RATCH Group Public Company Limited (SET: RATCH) has revealed its financial results for the first quarter of 2026, showcasing a massive jump in total revenue despite a more modest rise in the bottom line.
RATCH reported total revenues of THB 12,321 million, a 76.3% leap from the THB 6,987 million recorded in 1Q25. When excluding pass-through energy payments, underlying revenue grew by 8.2% year-on-year, primarily driven by the consolidation of the Hin Kong Combined-Cycle Power Plants (HKP) as a subsidiary starting in late 2025.

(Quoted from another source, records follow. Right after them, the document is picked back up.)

lemma integral_last_coordinate:
  fixes F :: "(nat \<Rightarrow> 'a) \<Rightarrow> real"
  assumes F[measurable]: "F \<in> borel_measurable (PiM {..<Suc n} (\<lambda>_. M))"
    and bound: "\<forall>w\<in>space (PiM {..<Suc n} (\<lambda>_. M)). \<bar>F w\<bar> \<le> B"
    and diff: "bounded_differences M (Suc n) c F"
  defines "G \<equiv> \<lambda>w. \<integral>x. F (w(n:=x)) \<partial>M"
  shows "G \<in> borel_measurable (PiM {..<n} (\<lambda>_. M))"
    and "\<forall>w\<in>space (PiM {..<n} (\<lambda>_. M)). \<bar>G w\<bar> \<le> B"
    and "bounded_differences M n c G"
proof -
  let ?P = "PiM {..<n} (\<lambda>_. M)"
  from measurable_comp[OF measurable_fun_upd_last F]
  have Fupd[measurable]: "(\<lambda>(w, x). F (w(n := x))) \<in> borel_measurable (?P \<Otimes>\<^sub>M M)"
    by (simp add: comp_def split_beta')
  have int: "integrable M (\<lambda>x. F (w(n := x)))" if "w \<in> space ?P" for w
    by (rule integrable_const_bound[where B=B])
       (use bound fun_upd_last_in_space_PiM[OF that] measurable_Pair2[OF Fupd that] in auto)
  show "G \<in> borel_measurable ?P"
    unfolding G_def using borel_measurable_lebesgue_integral[OF Fupd] by simp
  show "\<forall>w\<in>space ?P. \<bar>G w\<bar> \<le> B"
  proof
    fix w assume w: "w \<in> space ?P"
    have "\<bar>G w\<bar> \<le> (\<integral>x. \<bar>F (w(n := x))\<bar> \<partial>M)"
      unfolding G_def by (rule integral_abs_bound)
    also have "\<dots> \<le> (\<integral>x. B \<partial>M)"
      by (rule integral_mono) (use int[OF w] bound fun_upd_last_in_space_PiM[OF w] in auto)
    finally show "\<bar>G w\<bar> \<le> B" by (simp add: prob_space)
  qed
  show "bounded_differences M n c G"
    unfolding bounded_differences_def
  proof (intro ballI allI impI)
    fix w i x x' assume w: "w \<in> space ?P" and i: "i < n" and x: "x \<in> space M" and x': "x' \<in> space M"
    have w': "w(i:=x) \<in> space ?P" "w(i:=x') \<in> space ?P"
      using w x x' i by (auto simp: space_PiM PiE_def extensional_def Pi_iff)
    have "\<bar>G (w(i:=x)) - G (w(i:=x'))\<bar> = \<bar>\<integral>y. F ((w(n:=y))(i:=x)) - F ((w(n:=y))(i:=x')) \<partial>M\<bar>"
      unfolding G_def using i int[OF w'(1)] int[OF w'(2)]
      by (simp add: fun_upd_twist[of i n])
    also have "\<dots> \<le> (\<integral>y. \<bar>F ((w(n:=y))(i:=x)) - F ((w(n:=y))(i:=x'))\<bar> \<partial>M)"
      by (rule integral_abs_bound)
    also have "\<dots> \<le> (\<integral>y. c \<partial>M)"
    proof (rule integral_mono)
      show "integrable M (\<lambda>y. \<bar>F ((w(n:=y))(i:=x)) - F ((w(n:=y))(i:=x'))\<bar>)"
        using int[OF w'(1)] int[OF w'(2)] i by (simp add: fun_upd_twist[of i n])
      fix y assume "y \<in> space M"
      then show "\<bar>F ((w(n:=y))(i:=x)) - F ((w(n:=y))(i:=x'))\<bar> \<le> c"
        using diff fun_upd_last_in_space_PiM[OF w] i x x' unfolding bounded_differences_def by auto
    qed simp
    finally show "\<bar>G (w(i:=x)) - G (w(i:=x'))\<bar> \<le> c" by (simp add: prob_space)
  qed
qed

lemma mgf_last_coordinate:
  fixes F :: "(nat \<Rightarrow> 'a) \<Rightarrow> real"
  assumes F[measurable]: "F \<in> borel_measurable (PiM {..<Suc n} (\<lambda>_. M))"
    and diff: "bounded_differences M (Suc n) c F" and l: "l > 0"
    and w: "w \<in> space (PiM {..<n} (\<lambda>_. M))"
  shows "(\<integral>\<^sup>+x. ennreal (exp (l * (F (w(n:=x)) - E))) \<partial>M)
           \<le> ennreal (exp (l * ((\<integral>y. F (w(n:=y)) \<partial>M) - E))) * ennreal (exp (l\<^sup>2 * c\<^sup>2 / 2))"
proof -
  define G where "G = (\<integral>y. F (w(n:=y)) \<partial>M)"
  obtain x0 where x0: "x0 \<in> space M" using not_empty by blast
  have "(\<lambda>x. w(n := x)) \<in> measurable M (PiM {..<Suc n} (\<lambda>_. M))"
    using measurable_Pair2[OF measurable_fun_upd_last w] by simp
  then have Fx[measurable]: "(\<lambda>x. F (w(n := x))) \<in> borel_measurable M"
    by measurable
  interpret interval_bounded_random_variable M "\<lambda>x. F (w(n := x))"
    "F (w(n:=x0)) - c" "F (w(n:=x0)) + c"
  proof
    show "AE x in M. F (w(n := x)) \<in> {F (w(n := x0)) - c..F (w(n := x0)) + c}"
    proof (rule AE_I2)
      fix x assume "x \<in> space M"
      then have "\<bar>F ((w(n:=x0))(n:=x)) - F ((w(n:=x0))(n:=x0))\<bar> \<le> c"
        using diff fun_upd_last_in_space_PiM[OF w x0] x0 unfolding bounded_differences_def by blast
      then show "F (w(n := x)) \<in> {F (w(n := x0)) - c..F (w(n := x0)) + c}" by auto
    qed
  qed simp
  have "(\<integral>\<^sup>+x. ennreal (exp (l * (F (w(n:=x)) - E))) \<partial>M)
      = (\<integral>\<^sup>+x. ennreal (exp (l * (G - E))) * ennreal (exp (l * (F (w(n:=x)) - G))) \<partial>M)"
    by (intro nn_integral_cong) (simp add: ennreal_mult'[symmetric] exp_add[symmetric] algebra_simps)
  also have "\<dots> = ennreal (exp (l * (G - E))) * (\<integral>\<^sup>+x. ennreal (exp (l * (F (w(n:=x)) - G))) \<partial>M)"
    by (rule nn_integral_cmult) measurable
  also have "\<dots> \<le> ennreal (exp (l * (G - E))) * ennreal (exp (l\<^sup>2 * c\<^sup>2 / 2))"
    using Hoeffdings_lemma_nn_integral[OF l] unfolding G_def
    by (intro mult_left_mono) (simp_all add: power2_eq_square algebra_simps)
  finally show ?thesis unfolding G_def .
qed

lemma mcdiarmid_mgf:
  fixes F :: "(nat \<Rightarrow> 'a) \<Rightarrow> real"
  assumes "F \<in> borel_measurable (PiM {..<n} (\<lambda>_. M))"
    and "\<forall>w\<in>space (PiM {..<n} (\<lambda>_. M)). \<bar>F w\<bar> \<le> B"
    and "bounded_differences M n c F" and l: "l > 0"
  shows "(\<integral>\<^sup>+w. ennreal (exp (l * (F w - (\<integral>v. F v \<partial>PiM {..<n} (\<lambda>_. M))))) \<partial>PiM {..<n} (\<lambda>_. M))
           \<le> ennreal (exp (real n * l\<^sup>2 * c\<^sup>2 / 2))"
  using assms(1-3)
proof (induction n arbitrary: F)
  case 0
  interpret P: prob_space "PiM ({}::nat set) (\<lambda>_. M)"
    by (rule prob_space_PiM) (simp add: prob_space_axioms)
  have sp: "space (PiM {} (\<lambda>_. M)) = {\<lambda>_. undefined}"
    by (simp add: space_PiM)
  have "(\<integral>v. F v \<partial>PiM {..<0} (\<lambda>_. M)) = (\<integral>v. F (\<lambda>_. undefined) \<partial>PiM {..<0::nat} (\<lambda>_. M))"
    by (rule Bochner_Integration.integral_cong) (auto simp: sp)
  then have "(\<integral>\<^sup>+w. ennreal (exp (l * (F w - (\<integral>v. F v \<partial>PiM {..<0} (\<lambda>_. M))))) \<partial>PiM {..<0} (\<lambda>_. M))
      = (\<integral>\<^sup>+w. 1 \<partial>PiM {..<0::nat} (\<lambda>_. M))"
    using P.prob_space by (intro nn_integral_cong) (auto simp: sp)
  then show ?case by (simp add: P.emeasure_space_1)
next
  case (Suc n)
  interpret product_sigma_finite "\<lambda>_. M" by unfold_locales
  let ?P = "PiM {..<n} (\<lambda>_. M)" and ?Q = "PiM {..<Suc n} (\<lambda>_. M)"
  interpret Q: prob_space ?Q by (rule prob_space_PiM) (simp add: prob_space_axioms)
  note F[measurable] = Suc.prems(1)
  define G where "G w = (\<integral>x. F (w(n := x)) \<partial>M)" for w
  note G = integral_last_coordinate[OF Suc.prems, folded G_def]
  note [measurable] = G(1)
  define E where "E = (\<integral>w. G w \<partial>?P)"
  have "integrable ?Q F"
    by (rule Q.integrable_const_bound[where B=B]) (use Suc.prems(2) in auto)
  then have EF: "(\<integral>w. F w \<partial>?Q) = E"
    unfolding G_def E_def using product_integral_insert[of "{..<n}" n F]
    by (simp add: lessThan_Suc)
  have "F \<in> borel_measurable (PiM (insert n {..<n}) (\<lambda>_. M))"
    using F by (simp add: lessThan_Suc)
  then have "(\<integral>\<^sup>+w. ennreal (exp (l * (F w - E))) \<partial>?Q)
      = (\<integral>\<^sup>+w. (\<integral>\<^sup>+x. ennreal (exp (l * (F (w(n:=x)) - E))) \<partial>M) \<partial>?P)"
    using product_nn_integral_insert[of "{..<n}" n "\<lambda>w. ennreal (exp (l * (F w - E)))"]
    by (simp add: lessThan_Suc)
  also have "\<dots> \<le> (\<integral>\<^sup>+w. ennreal (exp (l * (G w - E))) * ennreal (exp (l\<^sup>2 * c\<^sup>2 / 2)) \<partial>?P)"
    by (rule nn_integral_mono) (erule mgf_last_coordinate[OF F Suc.prems(3) l, folded G_def])
  also have "\<dots> = (\<integral>\<^sup>+w. ennreal (exp (l * (G w - E))) \<partial>?P) * ennreal (exp (l\<^sup>2 * c\<^sup>2 / 2))"
    by (rule nn_integral_multc) measurable
  also have "\<dots> \<le> ennreal (exp (real n * l\<^sup>2 * c\<^sup>2 / 2)) * ennreal (exp (l\<^sup>2 * c\<^sup>2 / 2))"
    using Suc.IH[OF G] unfolding E_def by (intro mult_right_mono) auto
  also have "\<dots> = ennreal (exp (real (Suc n) * l\<^sup>2 * c\<^sup>2 / 2))"
    by (simp add: ennreal_mult'[symmetric] exp_add[symmetric] algebra_simps)
  finally show ?case unfolding EF .
qed

lemma mcdiarmid_lower_tail:
  fixes F :: "(nat \<Rightarrow> 'a) \<Rightarrow> real"
  assumes F[measurable]: "F \<in> borel_measurable (PiM {..<n} (\<lambda>_. M))"
    and bound: "\<forall>w\<in>space (PiM {..<n} (\<lambda>_. M)). \<bar>F w\<bar> \<le> B"
    and diff: "bounded_differences M n c F" and "c > 0" and "t > 0" and "n > 0"
  shows "measure (PiM {..<n} (\<lambda>_. M))
           {w \<in> space (PiM {..<n} (\<lambda>_. M)). F w \<le> (\<integral>v. F v \<partial>PiM {..<n} (\<lambda>_. M)) - t}
         \<le> exp (- (t\<^sup>2 / (2 * real n * c\<^sup>2)))"
proof -
  let ?P = "PiM {..<n} (\<lambda>_. M)"
  interpret P: prob_space ?P by (rule prob_space_PiM) (simp add: prob_space_axioms)
  define E where "E = (\<integral>v. F v \<partial>?P)"
  define l where "l = t / (real n * c\<^sup>2)"
  have l: "l > 0" using assms by (simp add: l_def)
  have diff': "bounded_differences M n c (\<lambda>w. - F w)"
    using diff unfolding bounded_differences_def by (simp add: abs_minus_commute)
  have "emeasure ?P {w \<in> space ?P. F w \<le> E - t}
      \<le> ennreal (exp (l * (E - t))) * (\<integral>\<^sup>+w. ennreal (exp (- l * F w)) * indicator (space ?P) w \<partial>?P)"
    by (rule Chernoff_ineq_nn_integral_le) (use l in auto)
  also have "\<dots> = (\<integral>\<^sup>+w. ennreal (exp (- l * t)) * ennreal (exp (l * (- F w - (\<integral>v. - F v \<partial>?P)))) \<partial>?P)"
    by (subst nn_integral_cmult[symmetric], measurable)
       (auto intro!: nn_integral_cong
         simp: E_def ennreal_mult'[symmetric] exp_add[symmetric] algebra_simps)
  also have "\<dots> = ennreal (exp (- l * t)) * (\<integral>\<^sup>+w. ennreal (exp (l * (- F w - (\<integral>v. - F v \<partial>?P)))) \<partial>?P)"
    by (rule nn_integral_cmult) measurable
  also have "\<dots> \<le> ennreal (exp (- l * t)) * ennreal (exp (real n * l\<^sup>2 * c\<^sup>2 / 2))"
    using bound by (intro mult_left_mono mcdiarmid_mgf[OF _ _ diff' l]) auto
  also have "\<dots> = ennreal (exp (- (t\<^sup>2 / (2 * real n * c\<^sup>2))))"
    using assms
    by (simp add: ennreal_mult'[symmetric] exp_add[symmetric] l_def power2_eq_square field_simps)
  finally show ?thesis
    unfolding E_def by (simp add: P.emeasure_eq_measure)
qed
(* Let $K$ be a $15$-vertex $\mathbb{F}_2$-homology $8$-manifold that satisfies complementarity. Then $K$ has exactly $490$ eight-dimensional simplices.
   Context: A finite simplicial complex $K$ on vertex set $V$ is an $\mathbb{F}_2$-homology $d$-manifold if every simplex lies in a $d$-simplex and for every nonempty simplex $\sigma$ with $\dim\sigma<d$, $H_*(\mathrm{link}(\sigma,K);\mathbb{F}_2)\cong H_*(S^{d-\dim\sigma-1};\mathbb{F}_2)$, where $\mathrm{link}(\sigma,K)=\{\tau\in K:\tau\cap\sigma=\varnothing,\ \tau\cup\sigma\in K\}$. $K$ satisfies complementarity if for every $\sigma\subseteq V$ exactly one of $\sigma$, $V\setminus\sigma$ is a simplex of $K$. *)

theory Defs
  imports Main HOL.Vector_Spaces "HOL-Library.Z2" "HOL-Library.Function_Algebras"
begin

text \<open>Simplicial chains with F2 coefficients are
  functions from vertex sets to bit supported on the faces of the given dimension.\<close>

definition simplicial_complex_on :: "'a set \<Rightarrow> 'a set set \<Rightarrow> bool" where
  "simplicial_complex_on V K \<longleftrightarrow> finite V \<and> K \<subseteq> Pow V \<and> K \<noteq> {} \<and>
     (\<forall>s\<in>K. \<forall>t. t \<subseteq> s \<longrightarrow> t \<in> K)"

definition faces :: "'a set set \<Rightarrow> nat \<Rightarrow> 'a set set" where
  "faces K i = {s \<in> K. card s = i + 1}"

definition link :: "'a set \<Rightarrow> 'a set set \<Rightarrow> 'a set set" where
  "link \<sigma> K = {\<tau> \<in> K. \<tau> \<inter> \<sigma> = {} \<and> \<tau> \<union> \<sigma> \<in> K}"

The company’s profitability metrics followed this upward trend, with EBITDA reaching THB 3,752 million, representing a 17.5% increase compared to the same period last year. This growth was further supported by strong operational performance in international segments, including higher electricity generation from wind power plants in Australia due to increased average wind speeds and improved profit sharing from hydroelectric ventures like PNPC and NN2.
However, the net profit saw a marginal increase of only 0.7% YoY, totaling THB 1,228 million. This narrower growth margin was influenced by several factors, including a reported foreign exchange loss of THB 193 million, compared to a THB 122 million loss in 1Q25.
Additionally, RATCH faced pressure from the expiration of the Power Purchase Agreement (PPA) for the Ratchaburi Electricity Generating (RG) thermal power plant units 1 and 2 in October 2025, which led to a lower revenue contribution from that facility.
On the expense side, total cost of sales soared to THB 7,675 million, up from THB 3,029 million in 1Q25. This sharp increase is largely attributable to the change in status of HKP from a joint venture to a subsidiary, which necessitated the full consolidation of its costs into RATCH’s financial statements. Despite these rising costs and the impact of lower dispatch instructions from EGAT for certain units, the group maintained high availability levels through effective maintenance.
Looking ahead, RATCH continues to focus on asset management and internal restructuring to enhance management efficiency.